### Work required
Write out exactly the lines below that run from the one containing "(* For $T$ large" through the one containing "q'' = sin q", both included, with no other lines.

### Stored data entries
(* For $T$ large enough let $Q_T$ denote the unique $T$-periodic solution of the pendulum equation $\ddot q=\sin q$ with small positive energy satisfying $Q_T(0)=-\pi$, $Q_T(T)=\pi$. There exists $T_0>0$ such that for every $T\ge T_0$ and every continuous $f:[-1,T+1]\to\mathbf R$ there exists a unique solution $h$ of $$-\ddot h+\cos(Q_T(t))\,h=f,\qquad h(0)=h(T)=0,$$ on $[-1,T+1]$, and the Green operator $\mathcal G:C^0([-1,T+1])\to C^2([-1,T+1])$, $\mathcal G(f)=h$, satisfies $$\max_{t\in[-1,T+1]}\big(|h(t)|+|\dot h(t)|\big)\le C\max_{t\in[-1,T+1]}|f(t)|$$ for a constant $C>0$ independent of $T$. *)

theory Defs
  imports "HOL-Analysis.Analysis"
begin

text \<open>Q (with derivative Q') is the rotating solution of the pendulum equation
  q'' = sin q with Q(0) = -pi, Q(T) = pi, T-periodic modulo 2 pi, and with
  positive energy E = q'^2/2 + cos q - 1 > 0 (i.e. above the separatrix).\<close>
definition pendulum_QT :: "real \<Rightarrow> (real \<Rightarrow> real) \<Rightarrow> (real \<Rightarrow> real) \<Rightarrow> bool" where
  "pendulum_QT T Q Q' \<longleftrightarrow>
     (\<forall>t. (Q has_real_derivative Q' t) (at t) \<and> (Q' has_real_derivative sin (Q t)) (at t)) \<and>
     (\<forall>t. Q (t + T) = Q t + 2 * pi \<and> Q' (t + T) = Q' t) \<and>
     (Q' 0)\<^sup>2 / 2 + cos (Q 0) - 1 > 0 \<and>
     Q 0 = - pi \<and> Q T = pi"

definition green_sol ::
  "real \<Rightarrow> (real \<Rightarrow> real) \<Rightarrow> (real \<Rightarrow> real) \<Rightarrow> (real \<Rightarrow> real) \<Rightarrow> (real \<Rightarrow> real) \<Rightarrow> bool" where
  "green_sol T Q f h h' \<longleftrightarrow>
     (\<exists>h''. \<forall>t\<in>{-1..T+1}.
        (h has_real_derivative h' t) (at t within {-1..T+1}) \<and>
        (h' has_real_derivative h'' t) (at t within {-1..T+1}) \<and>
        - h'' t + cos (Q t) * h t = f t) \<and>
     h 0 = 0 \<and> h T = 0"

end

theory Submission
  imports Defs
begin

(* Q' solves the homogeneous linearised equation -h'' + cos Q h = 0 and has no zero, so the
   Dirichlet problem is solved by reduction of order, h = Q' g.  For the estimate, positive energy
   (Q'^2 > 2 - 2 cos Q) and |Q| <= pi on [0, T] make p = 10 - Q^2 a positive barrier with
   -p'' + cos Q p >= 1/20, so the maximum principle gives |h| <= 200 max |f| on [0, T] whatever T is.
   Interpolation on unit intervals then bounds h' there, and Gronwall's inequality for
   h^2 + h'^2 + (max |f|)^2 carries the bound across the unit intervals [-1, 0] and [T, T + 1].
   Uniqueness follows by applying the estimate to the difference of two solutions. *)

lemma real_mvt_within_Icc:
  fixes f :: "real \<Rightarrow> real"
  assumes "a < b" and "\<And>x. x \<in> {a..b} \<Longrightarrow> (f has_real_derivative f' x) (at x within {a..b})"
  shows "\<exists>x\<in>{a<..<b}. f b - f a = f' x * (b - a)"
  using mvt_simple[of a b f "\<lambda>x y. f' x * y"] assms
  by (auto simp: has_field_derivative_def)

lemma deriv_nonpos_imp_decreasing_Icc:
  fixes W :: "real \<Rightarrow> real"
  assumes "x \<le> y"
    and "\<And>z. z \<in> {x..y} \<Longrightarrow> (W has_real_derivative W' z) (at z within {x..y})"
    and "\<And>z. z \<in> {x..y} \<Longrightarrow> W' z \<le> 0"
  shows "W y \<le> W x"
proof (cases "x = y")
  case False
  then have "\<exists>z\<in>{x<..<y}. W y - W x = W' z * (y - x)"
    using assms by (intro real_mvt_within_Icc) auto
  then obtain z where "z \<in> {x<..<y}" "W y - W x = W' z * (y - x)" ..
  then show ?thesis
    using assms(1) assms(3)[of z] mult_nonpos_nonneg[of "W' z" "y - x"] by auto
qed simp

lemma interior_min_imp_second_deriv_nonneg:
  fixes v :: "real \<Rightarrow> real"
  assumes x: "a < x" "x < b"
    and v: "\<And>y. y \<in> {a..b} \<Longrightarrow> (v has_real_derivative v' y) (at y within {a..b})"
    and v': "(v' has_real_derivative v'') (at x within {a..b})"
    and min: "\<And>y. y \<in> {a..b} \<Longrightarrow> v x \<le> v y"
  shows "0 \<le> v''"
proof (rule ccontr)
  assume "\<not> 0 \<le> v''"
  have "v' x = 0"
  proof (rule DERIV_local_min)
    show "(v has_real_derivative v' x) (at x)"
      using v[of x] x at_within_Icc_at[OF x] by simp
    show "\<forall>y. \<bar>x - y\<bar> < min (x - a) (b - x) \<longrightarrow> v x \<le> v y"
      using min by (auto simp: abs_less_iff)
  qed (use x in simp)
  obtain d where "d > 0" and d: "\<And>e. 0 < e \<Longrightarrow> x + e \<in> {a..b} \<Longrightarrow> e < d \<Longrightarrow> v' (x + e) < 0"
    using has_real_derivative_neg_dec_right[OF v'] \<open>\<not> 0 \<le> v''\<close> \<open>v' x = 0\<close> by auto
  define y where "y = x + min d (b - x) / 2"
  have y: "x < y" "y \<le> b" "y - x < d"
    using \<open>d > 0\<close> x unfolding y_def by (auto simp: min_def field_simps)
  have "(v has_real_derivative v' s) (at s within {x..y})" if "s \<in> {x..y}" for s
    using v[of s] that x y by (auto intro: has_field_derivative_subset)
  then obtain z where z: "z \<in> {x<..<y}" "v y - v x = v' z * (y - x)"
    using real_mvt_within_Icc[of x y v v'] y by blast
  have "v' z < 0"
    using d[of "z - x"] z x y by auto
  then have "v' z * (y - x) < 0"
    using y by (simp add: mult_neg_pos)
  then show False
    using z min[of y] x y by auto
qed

* * *

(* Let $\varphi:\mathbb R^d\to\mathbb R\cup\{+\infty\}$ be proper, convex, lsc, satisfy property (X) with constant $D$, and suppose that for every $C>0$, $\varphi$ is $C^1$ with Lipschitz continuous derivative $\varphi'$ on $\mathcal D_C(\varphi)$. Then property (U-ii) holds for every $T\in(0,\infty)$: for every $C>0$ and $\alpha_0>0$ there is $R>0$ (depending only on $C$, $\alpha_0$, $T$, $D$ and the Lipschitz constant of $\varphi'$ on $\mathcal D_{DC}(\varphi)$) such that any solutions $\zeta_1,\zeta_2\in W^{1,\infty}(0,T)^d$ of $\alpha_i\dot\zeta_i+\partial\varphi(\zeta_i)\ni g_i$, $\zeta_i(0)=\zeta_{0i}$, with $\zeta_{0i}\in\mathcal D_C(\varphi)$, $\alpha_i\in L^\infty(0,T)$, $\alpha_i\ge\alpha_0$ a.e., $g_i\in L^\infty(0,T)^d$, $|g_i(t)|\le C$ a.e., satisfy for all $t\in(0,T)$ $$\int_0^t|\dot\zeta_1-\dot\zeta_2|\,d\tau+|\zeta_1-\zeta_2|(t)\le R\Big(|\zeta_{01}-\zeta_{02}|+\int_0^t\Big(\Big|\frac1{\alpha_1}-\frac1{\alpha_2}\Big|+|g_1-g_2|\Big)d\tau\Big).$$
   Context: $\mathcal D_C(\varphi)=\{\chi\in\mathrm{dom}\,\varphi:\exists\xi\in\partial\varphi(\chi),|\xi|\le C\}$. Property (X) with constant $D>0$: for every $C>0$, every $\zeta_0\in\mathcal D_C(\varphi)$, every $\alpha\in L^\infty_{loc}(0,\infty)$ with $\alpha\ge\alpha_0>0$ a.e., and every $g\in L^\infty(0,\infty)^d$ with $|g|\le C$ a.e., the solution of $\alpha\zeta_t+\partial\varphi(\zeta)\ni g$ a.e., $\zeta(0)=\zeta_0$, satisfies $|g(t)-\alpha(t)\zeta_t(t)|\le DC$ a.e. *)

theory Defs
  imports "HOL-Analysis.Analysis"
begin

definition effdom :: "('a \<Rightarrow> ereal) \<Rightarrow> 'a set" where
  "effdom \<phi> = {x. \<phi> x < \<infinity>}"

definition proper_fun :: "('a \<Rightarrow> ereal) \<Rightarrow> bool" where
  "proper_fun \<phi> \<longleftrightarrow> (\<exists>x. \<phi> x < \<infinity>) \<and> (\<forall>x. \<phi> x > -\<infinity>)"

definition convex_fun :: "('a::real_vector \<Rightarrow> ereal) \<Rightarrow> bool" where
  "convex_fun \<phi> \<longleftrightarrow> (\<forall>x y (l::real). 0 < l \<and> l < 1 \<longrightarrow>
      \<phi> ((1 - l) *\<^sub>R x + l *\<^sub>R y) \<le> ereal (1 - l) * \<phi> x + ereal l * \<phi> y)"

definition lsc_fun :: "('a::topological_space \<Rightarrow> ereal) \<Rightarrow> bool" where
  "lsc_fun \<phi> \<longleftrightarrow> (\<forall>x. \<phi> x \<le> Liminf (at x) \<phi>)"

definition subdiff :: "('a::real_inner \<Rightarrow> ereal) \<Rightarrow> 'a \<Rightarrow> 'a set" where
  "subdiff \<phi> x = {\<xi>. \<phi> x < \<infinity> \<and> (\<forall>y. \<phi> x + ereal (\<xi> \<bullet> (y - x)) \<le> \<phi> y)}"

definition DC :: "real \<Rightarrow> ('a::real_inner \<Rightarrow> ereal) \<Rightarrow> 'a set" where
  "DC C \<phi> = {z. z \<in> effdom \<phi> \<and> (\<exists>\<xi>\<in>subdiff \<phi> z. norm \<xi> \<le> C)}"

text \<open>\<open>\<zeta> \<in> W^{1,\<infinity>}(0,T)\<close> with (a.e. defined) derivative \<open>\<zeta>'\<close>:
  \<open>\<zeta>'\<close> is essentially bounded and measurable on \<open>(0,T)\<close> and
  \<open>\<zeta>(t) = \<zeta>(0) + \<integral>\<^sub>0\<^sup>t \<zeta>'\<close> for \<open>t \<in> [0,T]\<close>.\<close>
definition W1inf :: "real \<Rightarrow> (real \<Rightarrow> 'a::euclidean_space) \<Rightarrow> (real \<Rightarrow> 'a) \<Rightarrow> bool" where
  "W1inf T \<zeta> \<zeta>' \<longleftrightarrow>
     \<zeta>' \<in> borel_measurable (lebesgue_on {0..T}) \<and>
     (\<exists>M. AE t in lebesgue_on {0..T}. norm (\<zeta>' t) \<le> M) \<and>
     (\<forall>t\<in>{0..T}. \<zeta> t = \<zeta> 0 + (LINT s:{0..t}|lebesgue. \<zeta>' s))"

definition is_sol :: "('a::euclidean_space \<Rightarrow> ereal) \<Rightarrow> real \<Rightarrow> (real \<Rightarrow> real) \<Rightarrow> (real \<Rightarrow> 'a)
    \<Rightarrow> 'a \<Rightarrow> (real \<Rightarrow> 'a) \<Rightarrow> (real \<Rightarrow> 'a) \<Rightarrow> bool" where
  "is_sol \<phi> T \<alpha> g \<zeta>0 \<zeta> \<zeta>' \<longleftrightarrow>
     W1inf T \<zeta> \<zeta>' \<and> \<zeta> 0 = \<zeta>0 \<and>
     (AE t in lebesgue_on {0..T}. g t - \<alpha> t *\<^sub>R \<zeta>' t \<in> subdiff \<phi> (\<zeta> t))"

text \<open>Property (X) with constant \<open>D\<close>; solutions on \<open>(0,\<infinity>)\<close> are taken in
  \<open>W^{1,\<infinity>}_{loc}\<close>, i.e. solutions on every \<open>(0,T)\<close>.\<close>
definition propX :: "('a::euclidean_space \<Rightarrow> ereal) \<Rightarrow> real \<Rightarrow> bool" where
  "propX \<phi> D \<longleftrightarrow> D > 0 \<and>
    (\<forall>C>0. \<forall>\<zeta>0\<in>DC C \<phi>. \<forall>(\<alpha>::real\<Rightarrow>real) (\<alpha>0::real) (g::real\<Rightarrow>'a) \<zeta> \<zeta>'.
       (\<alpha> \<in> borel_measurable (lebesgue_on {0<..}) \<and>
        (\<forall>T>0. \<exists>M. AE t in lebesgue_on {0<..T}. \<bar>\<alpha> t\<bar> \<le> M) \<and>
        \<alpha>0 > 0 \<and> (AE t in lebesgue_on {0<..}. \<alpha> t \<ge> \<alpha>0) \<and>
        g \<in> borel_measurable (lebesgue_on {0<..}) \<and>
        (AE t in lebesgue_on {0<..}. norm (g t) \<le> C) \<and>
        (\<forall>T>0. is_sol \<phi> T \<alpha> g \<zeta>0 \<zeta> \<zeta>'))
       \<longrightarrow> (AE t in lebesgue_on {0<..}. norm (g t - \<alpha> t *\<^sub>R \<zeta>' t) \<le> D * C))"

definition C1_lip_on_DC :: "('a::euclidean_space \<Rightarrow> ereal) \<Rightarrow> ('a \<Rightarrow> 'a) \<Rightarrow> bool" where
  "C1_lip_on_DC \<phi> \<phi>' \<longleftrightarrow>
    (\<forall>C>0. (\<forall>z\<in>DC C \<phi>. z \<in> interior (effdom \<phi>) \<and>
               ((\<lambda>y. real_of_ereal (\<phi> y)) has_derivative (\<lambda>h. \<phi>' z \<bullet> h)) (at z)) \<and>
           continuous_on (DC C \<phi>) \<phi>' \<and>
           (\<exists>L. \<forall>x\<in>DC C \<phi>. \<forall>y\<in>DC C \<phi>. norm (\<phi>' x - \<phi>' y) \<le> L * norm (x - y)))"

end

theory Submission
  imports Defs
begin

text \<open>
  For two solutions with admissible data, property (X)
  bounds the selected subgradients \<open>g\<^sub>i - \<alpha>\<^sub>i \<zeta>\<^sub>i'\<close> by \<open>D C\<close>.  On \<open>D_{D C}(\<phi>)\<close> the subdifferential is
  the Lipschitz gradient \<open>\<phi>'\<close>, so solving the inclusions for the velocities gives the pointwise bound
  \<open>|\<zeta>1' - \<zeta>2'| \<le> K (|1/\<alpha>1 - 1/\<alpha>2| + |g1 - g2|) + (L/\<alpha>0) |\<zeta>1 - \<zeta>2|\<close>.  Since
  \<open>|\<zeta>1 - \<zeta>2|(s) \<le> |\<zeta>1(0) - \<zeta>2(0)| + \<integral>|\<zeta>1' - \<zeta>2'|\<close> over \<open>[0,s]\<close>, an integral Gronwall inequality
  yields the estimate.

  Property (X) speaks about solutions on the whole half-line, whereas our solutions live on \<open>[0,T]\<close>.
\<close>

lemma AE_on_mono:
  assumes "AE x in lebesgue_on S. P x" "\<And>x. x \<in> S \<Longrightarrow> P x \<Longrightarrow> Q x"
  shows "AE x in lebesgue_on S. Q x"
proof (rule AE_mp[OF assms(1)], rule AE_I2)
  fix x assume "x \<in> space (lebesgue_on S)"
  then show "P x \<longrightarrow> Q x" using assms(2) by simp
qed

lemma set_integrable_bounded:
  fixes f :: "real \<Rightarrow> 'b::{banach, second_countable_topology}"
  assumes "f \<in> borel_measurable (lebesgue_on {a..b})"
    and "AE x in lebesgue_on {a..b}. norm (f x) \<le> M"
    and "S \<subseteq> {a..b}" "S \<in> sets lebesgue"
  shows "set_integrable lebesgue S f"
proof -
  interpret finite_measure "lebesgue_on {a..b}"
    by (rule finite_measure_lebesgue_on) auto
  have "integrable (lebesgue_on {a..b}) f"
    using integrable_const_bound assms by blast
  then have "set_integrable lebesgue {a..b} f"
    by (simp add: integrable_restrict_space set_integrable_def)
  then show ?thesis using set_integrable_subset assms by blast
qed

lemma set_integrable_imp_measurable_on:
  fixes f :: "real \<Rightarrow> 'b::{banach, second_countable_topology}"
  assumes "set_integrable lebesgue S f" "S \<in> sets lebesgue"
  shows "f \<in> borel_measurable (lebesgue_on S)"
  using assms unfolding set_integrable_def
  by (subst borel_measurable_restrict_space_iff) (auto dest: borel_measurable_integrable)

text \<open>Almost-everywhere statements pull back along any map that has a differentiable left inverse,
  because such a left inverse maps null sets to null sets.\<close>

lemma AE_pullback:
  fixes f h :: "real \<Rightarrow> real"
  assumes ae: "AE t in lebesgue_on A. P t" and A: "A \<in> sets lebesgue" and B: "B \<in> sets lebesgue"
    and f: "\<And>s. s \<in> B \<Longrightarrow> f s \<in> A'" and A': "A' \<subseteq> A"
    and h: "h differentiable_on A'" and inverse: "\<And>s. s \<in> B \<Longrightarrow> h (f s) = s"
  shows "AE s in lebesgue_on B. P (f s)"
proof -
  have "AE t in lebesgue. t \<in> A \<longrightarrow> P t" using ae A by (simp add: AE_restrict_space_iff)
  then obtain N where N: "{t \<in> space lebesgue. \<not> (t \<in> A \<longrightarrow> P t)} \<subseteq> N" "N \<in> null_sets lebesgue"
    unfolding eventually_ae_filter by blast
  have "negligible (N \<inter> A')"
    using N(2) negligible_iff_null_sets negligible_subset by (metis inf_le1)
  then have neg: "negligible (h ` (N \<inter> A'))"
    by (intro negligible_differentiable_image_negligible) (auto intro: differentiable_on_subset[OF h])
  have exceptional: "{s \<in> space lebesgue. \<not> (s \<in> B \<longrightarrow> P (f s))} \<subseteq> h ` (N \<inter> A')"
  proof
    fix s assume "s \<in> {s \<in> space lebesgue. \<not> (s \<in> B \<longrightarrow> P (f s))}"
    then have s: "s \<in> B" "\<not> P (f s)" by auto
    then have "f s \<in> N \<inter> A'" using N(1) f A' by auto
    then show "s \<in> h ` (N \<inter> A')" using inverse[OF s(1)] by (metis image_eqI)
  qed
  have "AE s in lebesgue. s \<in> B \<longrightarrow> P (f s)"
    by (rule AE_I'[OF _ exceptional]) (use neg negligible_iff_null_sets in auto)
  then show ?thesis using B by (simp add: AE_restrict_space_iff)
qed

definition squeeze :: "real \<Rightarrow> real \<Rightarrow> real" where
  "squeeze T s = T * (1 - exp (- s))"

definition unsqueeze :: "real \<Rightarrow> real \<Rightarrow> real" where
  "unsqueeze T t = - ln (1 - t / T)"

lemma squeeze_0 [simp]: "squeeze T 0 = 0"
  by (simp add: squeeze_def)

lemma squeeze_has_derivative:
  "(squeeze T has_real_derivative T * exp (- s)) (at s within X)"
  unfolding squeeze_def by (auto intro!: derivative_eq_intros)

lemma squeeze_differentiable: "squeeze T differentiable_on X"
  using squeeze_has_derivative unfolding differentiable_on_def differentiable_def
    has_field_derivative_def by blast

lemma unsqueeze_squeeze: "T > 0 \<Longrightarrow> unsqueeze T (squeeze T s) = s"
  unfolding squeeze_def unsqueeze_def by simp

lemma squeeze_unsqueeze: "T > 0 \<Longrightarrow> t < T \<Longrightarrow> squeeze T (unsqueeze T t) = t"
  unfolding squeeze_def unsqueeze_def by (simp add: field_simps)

### Exercise result
(* For $T$ large enough let $Q_T$ denote the unique $T$-periodic solution of the pendulum equation $\ddot q=\sin q$ with small positive energy satisfying $Q_T(0)=-\pi$, $Q_T(T)=\pi$. There exists $T_0>0$ such that for every $T\ge T_0$ and every continuous $f:[-1,T+1]\to\mathbf R$ there exists a unique solution $h$ of $$-\ddot h+\cos(Q_T(t))\,h=f,\qquad h(0)=h(T)=0,$$ on $[-1,T+1]$, and the Green operator $\mathcal G:C^0([-1,T+1])\to C^2([-1,T+1])$, $\mathcal G(f)=h$, satisfies $$\max_{t\in[-1,T+1]}\big(|h(t)|+|\dot h(t)|\big)\le C\max_{t\in[-1,T+1]}|f(t)|$$ for a constant $C>0$ independent of $T$. *)

theory Defs
  imports "HOL-Analysis.Analysis"
begin

text \<open>Q (with derivative Q') is the rotating solution of the pendulum equation
  q'' = sin q with Q(0) = -pi, Q(T) = pi, T-periodic modulo 2 pi, and with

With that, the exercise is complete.